動物のセクシーボイス

 昨日、自転車に乗っていたら急な雨にやられた。

 結構な土砂降りだったのだが、しばらくすると晴れた。途端に、アブラゼミがそこらじゅうでジィジィ鳴き始めた。いかにも夏という感じがする。

 アブラゼミで鳴くのはオスだけで、あの声でメスに己の存在をアピールするらしい。メスからすると、「あらん、いい声!」とあのジィジィにメロメロになるのだろうか。いわば、ジィジィはアブラゼミ・オスのセクシーボイスである。

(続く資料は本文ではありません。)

lemma append_eq_append_sum_list_eq:
  fixes xs ys :: "nat list"
  assumes eq: "xs @ X = ys @ Y" and sum: "sum_list xs = sum_list ys" and pos: "\<forall>x\<in>set (xs @ X). 0 < x"
  shows "xs = ys"
proof -
  obtain us where us: "xs = ys @ us \<and> us @ X = Y \<or> xs @ us = ys \<and> X = us @ Y"
    using eq unfolding append_eq_append_conv2 by blast
  then have "sum_list us = 0" and "\<forall>x\<in>set us. 0 < x" using sum pos by auto
  then have "us = []" by (cases us) auto
  then show ?thesis using us by auto
qed

lemma find_eq_filter: "find P xs = (case filter P xs of [] \<Rightarrow> None | x # _ \<Rightarrow> Some x)"
  by (induction xs) auto

lemma refines_Nil: "refines [] []"
  unfolding refines_def by (intro exI[of _ "[]"]) simp

lemma refines_Cons: "refines xs ys \<Longrightarrow> refines (x # xs) (x # ys)"
proof -
  assume "refines xs ys"
  then obtain ps where "concat ps = xs" "map sum_list ps = ys" "\<forall>p\<in>set ps. p \<noteq> []"
    unfolding refines_def by blast
  then show ?thesis unfolding refines_def by (intro exI[of _ "[x] # ps"]) auto
qed

lemma refines_Cons_add: "refines ((x + y) # xs) ys \<Longrightarrow> refines (x # y # xs) ys"
proof -
  assume "refines ((x + y) # xs) ys"
  then obtain ps where ps: "concat ps = (x + y) # xs" "map sum_list ps = ys" "\<forall>p\<in>set ps. p \<noteq> []"
    unfolding refines_def by blast
  obtain p ps' where ps': "ps = p # ps'" using ps(1) by (cases ps) auto
  then obtain q where q: "p = (x + y) # q" "q @ concat ps' = xs" using ps by (cases p) auto
  have "concat ((x # y # q) # ps') = x # y # xs" using q by simp
  moreover have "map sum_list ((x # y # q) # ps') = ys" using ps(2) ps' q(1) by (simp add: add.assoc)
  moreover have "\<forall>p\<in>set ((x # y # q) # ps'). p \<noteq> []" using ps(3) ps' by simp
  ultimately show ?thesis unfolding refines_def by blast
qed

 同じセクシーボイスでも、ウグイスの春のホーホケキョなんていうのはいかにも美しい。セクシーボイスだと思って聞いてみると、少しばかり色気があるような気もする。

 反対に、サカリのついた猫の声は人間からするとギャアギャアうるさい。あれのどこがセクシーボイスなのだと思うが、まあ、猫には猫の感じ方があるのだろう。アブラゼミやウグイスと違って、メスがオスにアピールすることが多いらしい。オスも同じような声で返すことがあって、「ギャアギャア」「ギャアギャア、ニャオーン」とやかましい愛のささやき(でもないが)もあったものである。

 人間も猫のような声で求愛しあったら、随分と面白いのだが。公園で、バーで、キャバクラで、「ギャアギャアッ!」と鳴き交わすのだ。色気も何もあったものではない。